The sparse matrix data structure is defined by three dense arrays, which we could create manually from an existing cuDF DataFrame or Series. Luckily, we don’t need to do that. We can simply leverage dlpack again.

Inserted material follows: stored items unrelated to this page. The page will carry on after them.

(* Let $n$ be a non-negative integer and $r,s\in\mathbb{C}\setminus\mathbb{Z}^{-}$ with $s\neq0$ and $r-s\notin\mathbb{Z}^{-}$. Then \[ \sum_{k=0}^{n}(-1)^k2^{2k}\frac{\binom{n+k}{n-k}}{(k+s)\binom{k+r}{k+s}}=\sum_{k=0}^{n}(-1)^{n-k}\frac{\binom{2n+1}{2k+1}}{(n-k+s)\binom{n+r}{n-k+s}}. \]
   Context: $\mathbb{Z}^{-}$ denotes the set of negative integers. Binomial coefficients with complex entries: $\binom{x}{y}=\frac{\Gamma(x+1)}{\Gamma(y+1)\Gamma(x-y+1)}$. *)

theory Defs
  imports "HOL-Analysis.Analysis"
begin

definition cbinom :: "complex \<Rightarrow> complex \<Rightarrow> complex" where
  "cbinom x y = Gamma (x + 1) / (Gamma (y + 1) * Gamma (x - y + 1))"

definition neg_ints :: "complex set" where
  "neg_ints = {of_int m | m. m < 0}"

end

theory Submission
  imports Defs
begin

(*
  Writing Gamma (z + k) = pochhammer z k * Gamma z turns both sides, up to the common factor
  Gamma s * Gamma d / (Gamma (r + 1) * pochhammer (r + 1) n) with d = r - s + 1, into

    sum_k (-4)^k C(n+k,2k) (s)_k (s+d+k)_(n-k)  =  sum_k (-1)^(n-k) C(2n+1,2k+1) (s)_(n-k) (d)_k.

  Expanding (s+d+k)_(n-k) by the Vandermonde convolution shows that this is the image of the
  polynomial identity

    sum_k C(n+k,2k) (-4y)^k (1+y)^(n-k)  =  sum_j C(2n+1,2j) (-y)^j

  under the linear map y^j |-> (s)_j (d)_(n-j).  The polynomial identity follows, putting
  y = -z^2, a = 1+z, b = 1-z, from (a+b) sum_k C(n+k,2k) ((a-b)^2)^k (ab)^(n-k) = a^(2n+1) + b^(2n+1),
  which is proved by induction on n together with its companion for a^(2n+2) - b^(2n+2).
*)

definition odd_pow_poly :: "nat \<Rightarrow> 'a \<Rightarrow> 'a \<Rightarrow> 'a::comm_ring_1" where
  "odd_pow_poly n w p = (\<Sum>k\<le>n. of_nat ((n+k) choose (2*k)) * w^k * p^(n-k))"

definition even_pow_poly :: "nat \<Rightarrow> 'a \<Rightarrow> 'a \<Rightarrow> 'a::comm_ring_1" where
  "even_pow_poly n w p = (\<Sum>k\<le>n. of_nat ((n+1+k) choose (2*k+1)) * w^k * p^(n-k))"

lemma even_pow_poly_Suc:
  "even_pow_poly (Suc n) w p = p * even_pow_poly n w p + odd_pow_poly (Suc n) w p"
proof -
  have "even_pow_poly (Suc n) w p
      = (\<Sum>k\<le>Suc n. of_nat ((n+1+k) choose (2*k+1)) * w^k * p^(Suc n-k))
        + odd_pow_poly (Suc n) w p"
    by (simp add: even_pow_poly_def odd_pow_poly_def sum.distrib[symmetric] algebra_simps)
  also have "(\<Sum>k\<le>Suc n. of_nat ((n+1+k) choose (2*k+1)) * w^k * p^(Suc n-k))
      = p * even_pow_poly n w p"
    by (simp add: even_pow_poly_def sum_distrib_left Suc_diff_le algebra_simps binomial_eq_0)
  finally show ?thesis by simp
qed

We’ll define a small helper function for cleanliness.
[14]:
def cudf_to_cupy_sparse_matrix(data, sparseformat='column'):
"""Converts a cuDF object to a CuPy Sparse Column matrix.
"""
if sparseformat not in ('row', 'column',):
raise ValueError("Let's focus on column and row formats for now.")
_sparse_constructor = cp.sparse.csc_matrix
if sparseformat == 'row':
_sparse_constructor = cp.sparse.csr_matrix
return _sparse_constructor(cp.fromDlpack(data.to_dlpack()))

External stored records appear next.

lemma max_distant_disjoint:
  assumes u: "u \<in> vertices" and v: "v \<in> vertices" and disj: "fst u \<inter> fst v = {}"
    and md: "max_distant vertices E u v"
  shows "\<exists>x. fst v = {x} \<and> fst u = {..<n} - {x}"
proof -
  have "u \<noteq> v" using disj vertex_fst[OF u] by (metis Int_absorb)
  then have dist_uv: "zd_dist u v = 1" using disj unfolding zd_dist_def by simp
  have eq_v: "w = v" if "w \<in> vertices" "fst u \<inter> fst w = {}" "fst w \<inter> fst v \<noteq> {}" for w
  proof -
    have "zd_dist v w \<le> zd_dist u v"
      using md that(1,2) unfolding max_distant_iff[OF u v] by blast
    then have "zd_dist v w \<le> 1" using dist_uv by simp
    then have "v = w \<or> fst v \<inter> fst w = {}" unfolding zd_dist_def by (simp split: if_splits)
    then show ?thesis using that(3) by blast
  qed
  obtain x where x: "x \<in> fst v" using vertex_fst[OF v] by blast
  have "x < n" "x \<notin> fst u" using x vertex_fst[OF v] disj by auto
  have "({x}, 1) = v"
    by (rule eq_v[OF singleton_in_vertices[OF \<open>x < n\<close>]]) (use x \<open>x \<notin> fst u\<close> in auto)
  then have fst_v: "fst v = {x}" by auto
  have "x \<in> fst (compl_vertex u) \<inter> fst v" using x \<open>x < n\<close> \<open>x \<notin> fst u\<close>
    by (simp add: compl_vertex_def)
  then have "compl_vertex u = v"
    by (intro eq_v[OF compl_vertex_in_vertices[OF u]]) (auto simp: compl_vertex_def)
  then have "{..<n} - fst u = {x}" using fst_v by (metis compl_vertex_def fst_conv)
  then have "fst u = {..<n} - {x}" using vertex_fst[OF u] by blast
  then show ?thesis using fst_v by blast
qed

lemma mutually_max_distant_iff:
  assumes u: "u \<in> vertices" and v: "v \<in> vertices"
  shows "mutually_max_distant vertices E u v \<longleftrightarrow>
    u \<noteq> v \<and> fst u \<inter> fst v \<noteq> {} \<and> \<not> fst u \<subset> fst v \<and> \<not> fst v \<subset> fst u"
proof
  assume "mutually_max_distant vertices E u v"
  then have uv: "max_distant vertices E u v" and vu: "max_distant vertices E v u"
    unfolding mutually_max_distant_def by auto
  \<comment> \<open>a disjoint such pair would consist of a singleton and its complement, both ways round\<close>
  have "fst u \<inter> fst v \<noteq> {}"
  proof
    assume disj: "fst u \<inter> fst v = {}"
    obtain x where x: "fst v = {x}" "fst u = {..<n} - {x}"
      using max_distant_disjoint[OF u v disj uv] by blast
    obtain y where y: "fst u = {y}"
      using max_distant_disjoint[OF v u _ vu] disj by (metis Int_commute)
    then have "{..<n} \<subseteq> {x, y}" using x(2) by blast
    then have "card {..<n} \<le> card {x, y}" by (intro card_mono) auto
    also have "\<dots> \<le> 2" by (simp add: card_insert_if)
    finally show False using n_ge_3 by simp
  qed
  then show "u \<noteq> v \<and> fst u \<inter> fst v \<noteq> {} \<and> \<not> fst u \<subset> fst v \<and> \<not> fst v \<subset> fst u"
    using uv vu not_max_distant_self[OF u] not_max_distant_psubset[OF u v]
      not_max_distant_psubset[OF v u] by blast
next
  assume "u \<noteq> v \<and> fst u \<inter> fst v \<noteq> {} \<and> \<not> fst u \<subset> fst v \<and> \<not> fst v \<subset> fst u"
  then show "mutually_max_distant vertices E u v"
    unfolding mutually_max_distant_def
    using max_distant_if_overlapping[OF u v] max_distant_if_overlapping[OF v u] u v
    by (auto simp: Int_commute)
qed

section \<open>The strong resolving graph\<close>

lemma sr_independent_iff:
  assumes S: "S \<subseteq> vertices"
  shows "(\<forall>x\<in>S. \<forall>y\<in>S. \<not> sr_adj vertices E x y) \<longleftrightarrow> inj_on fst S \<and> laminar (fst ` S)"
proof -
  have adj: "sr_adj vertices E x y \<longleftrightarrow>
      x \<noteq> y \<and> fst x \<inter> fst y \<noteq> {} \<and> \<not> fst x \<subset> fst y \<and> \<not> fst y \<subset> fst x"
    if "x \<in> S" "y \<in> S" for x y
    using mutually_max_distant_iff that S unfolding sr_adj_def by blast
  show ?thesis
  proof
    assume indep: "\<forall>x\<in>S. \<forall>y\<in>S. \<not> sr_adj vertices E x y"
    have "inj_on fst S"
    proof (rule inj_onI)
      fix x y assume "x \<in> S" "y \<in> S" "fst x = fst y"
      then show "x = y" using indep adj[of x y] vertex_fst[of x] S by auto
    qed
    moreover have "laminar (fst ` S)"
      unfolding laminar_def
    proof (intro ballI)
      fix A B assume "A \<in> fst ` S" "B \<in> fst ` S"
      then obtain x y where "x \<in> S" "y \<in> S" "A = fst x" "B = fst y" by blast
      then show "A \<subseteq> B \<or> B \<subseteq> A \<or> A \<inter> B = {}"
        using indep adj[of x y] by (cases "x = y") auto
    qed
    ultimately show "inj_on fst S \<and> laminar (fst ` S)" ..
  next
    assume "inj_on fst S \<and> laminar (fst ` S)"
    then have inj: "inj_on fst S" and lam: "laminar (fst ` S)" by auto
    show "\<forall>x\<in>S. \<forall>y\<in>S. \<not> sr_adj vertices E x y"
    proof (intro ballI notI)
      fix x y assume x: "x \<in> S" and y: "y \<in> S" and "sr_adj vertices E x y"
      then have "x \<noteq> y" "fst x \<inter> fst y \<noteq> {}" "\<not> fst x \<subset> fst y" "\<not> fst y \<subset> fst x"
        using adj by auto
      moreover have "fst x \<noteq> fst y" using inj x y \<open>x \<noteq> y\<close> by (auto dest: inj_onD)
      moreover have "fst x \<subseteq> fst y \<or> fst y \<subseteq> fst x \<or> fst x \<inter> fst y = {}"
        using lam x y unfolding laminar_def by blast
      ultimately show False by blast
    qed
  qed
qed

definition rigid_atoms :: "nat set" where
  "rigid_atoms = {i. i < n \<and> k {i} = 1}"

lemma rigid_atom_not_sr_vert:
  assumes i: "i \<in> rigid_atoms" and u: "u \<in> vertices" "fst u = {i}"
  shows "u \<notin> sr_verts vertices E"
proof
  assume "u \<in> sr_verts vertices E"
  then obtain v where v: "v \<in> vertices" and "mutually_max_distant vertices E u v"
    unfolding sr_verts_def by blast
  then have "u \<noteq> v" "i \<in> fst v" "\<not> {i} \<subset> fst v"
    using mutually_max_distant_iff[OF u(1) v] u(2) by auto
  then have "fst v = {i}" by blast
  then have "snd v = 1" "snd u = 1" using i u v unfolding rigid_atoms_def vertices_def by auto
  then show False using \<open>u \<noteq> v\<close> \<open>fst v = {i}\<close> u(2) by (simp add: prod_eq_iff)
qed

lemma card_sr_independent_le:
  assumes S: "S \<subseteq> sr_verts vertices E" and indep: "\<forall>x\<in>S. \<forall>y\<in>S. \<not> sr_adj vertices E x y"
  shows "card S \<le> 2 * n - 2 - card rigid_atoms"
proof -
  have SV: "S \<subseteq> vertices" using S unfolding sr_verts_def by blast
  then have inj: "inj_on fst S" and lam: "laminar (fst ` S)"
    using sr_independent_iff indep by auto
  \<comment> \<open>the rigid atoms and the top can be added to the laminar family of underlying sets\<close>
  define T where "T = insert {..<n} (fst ` S \<union> (\<lambda>i. {i}) ` rigid_atoms)"
  have sub: "A \<subseteq> {..<n}" if "A \<in> fst ` S \<union> (\<lambda>i. {i}) ` rigid_atoms" for A
    using that SV vertex_fst unfolding rigid_atoms_def by auto
  have "laminar T"
    unfolding T_def using laminar_insert_superset[OF laminar_Un_singletons[OF lam]] sub by blast
  moreover have "T \<subseteq> Pow {..<n}" unfolding T_def using sub by auto
  moreover have "{} \<notin> T"
  proof -
    have "{} \<notin> fst ` S" using SV vertex_fst by fastforce
    moreover have "{..<n} \<noteq> {}" using n_ge_3 by (simp add: lessThan_empty_iff)
    ultimately show ?thesis unfolding T_def by auto
  qed
  ultimately have "card T < 2 * n" using card_laminar_less[of "{..<n}" T] n_ge_3
    by (auto simp: lessThan_empty_iff)
  moreover have "fst ` S \<inter> (\<lambda>i. {i}) ` rigid_atoms = {}"
    using rigid_atom_not_sr_vert S SV by fastforce
  moreover have "{..<n} \<notin> fst ` S \<union> (\<lambda>i. {i}) ` rigid_atoms"
  proof -
    have "{i} \<noteq> {..<n}" if "i < n" for i
      using proper_elt_singleton[OF that] n_ge_3 unfolding proper_elt_def by simp
    then show ?thesis using SV vertex_fst unfolding rigid_atoms_def by fastforce
  qed
  moreover have "finite (fst ` S \<union> (\<lambda>i. {i}) ` rigid_atoms)"
    using sub by (meson finite_Pow_iff finite_lessThan finite_subset subsetI PowI)
  ultimately have "card (fst ` S) + card ((\<lambda>i. {i}) ` rigid_atoms) + 1 < 2 * n"
    unfolding T_def by (simp add: card_Un_disjoint)
  then show ?thesis using card_image[OF inj] card_image[of "\<lambda>i. {i}" rigid_atoms] by simp
qed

We can define a sparsely populated DataFrame to illustrate this conversion to either sparse matrix format.
[15]:
df = cudf.DataFrame()
nelem = 10000
nonzero = 1000
for i in range(20):
arr = cp.random.normal(5, 5, nelem)
arr[cp.random.choice(arr.shape[0], nelem-nonzero, replace=False)] = 0
df['a' + str(i)] = cp.ascontiguousarray(arr)
[16]:
df.head()
[16]:
a0 | a1 | a2 | a3 | a4 | a5 | a6 | a7 | a8 | a9 | a10 | a11 | a12 | a13 | a14 | a15 | a16 | a17 | a18 | a19 | |
---|---|---|---|---|---|---|---|---|---|---|---|---|---|---|---|---|---|---|---|---|
0 | 0.0 | 0.0 | 0.0 | 0.000000 | 1.712374 | 8.767093 | 0.0 | 0.200284 | 0.0 | 0.0 | 0.0 | 0.0 | 0.0 | 0.0 | 0.00000 | 0.000000 | 0.0 | 0.0 | 0.000000 | 0.000000 |
1 | 0.0 | 0.0 | 0.0 | 8.846976 | 0.000000 | 0.000000 | 0.0 | 0.000000 | 0.0 | 0.0 | 0.0 | 0.0 | 0.0 | 0.0 | 0.00000 | 8.297748 | 0.0 | 0.0 | 0.000000 | 0.000000 |
2 | 0.0 | 0.0 | 0.0 | 7.201353 | 0.000000 | 0.000000 | 0.0 | 0.000000 | 0.0 | 0.0 | 0.0 | 0.0 | 0.0 | 0.0 | 0.00000 | 0.000000 | 0.0 | 0.0 | 0.000000 | 0.000000 |
3 | 0.0 | 0.0 | 0.0 | 0.000000 | 0.000000 | 0.000000 | 0.0 | 9.195801 | 0.0 | 0.0 | 0.0 | 0.0 | 0.0 | 0.0 | -1.16354 | 0.000000 | 0.0 | 0.0 | 0.000000 | 0.000000 |
4 | 0.0 | 0.0 | 0.0 | 0.000000 | 0.000000 | 0.000000 | 0.0 | 3.340914 | 0.0 | 0.0 | 0.0 | 0.0 | 0.0 | 0.0 | 0.00000 | 0.000000 | 0.0 | 0.0 | 8.887779 | 4.562149 |
[17]:
sparse_data = cudf_to_cupy_sparse_matrix(df)
sparse_data
/conda/envs/cudf/lib/python3.7/site-packages/cudf/io/dlpack.py:74: UserWarning: WARNING: cuDF to_dlpack() produces column-major (Fortran order) output. If the output tensor needs to be row major, transpose the output of this function.
return libdlpack.to_dlpack(gdf_cols)
[17]:
<cupyx.scipy.sparse.csc.csc_matrix at 0x7f25814012d0>
From here, we could continue our workflow with a CuPy sparse matrix.
For a full list of the functionality built into these libraries, we encourage you to check out the API docs for cuDF and CuPy.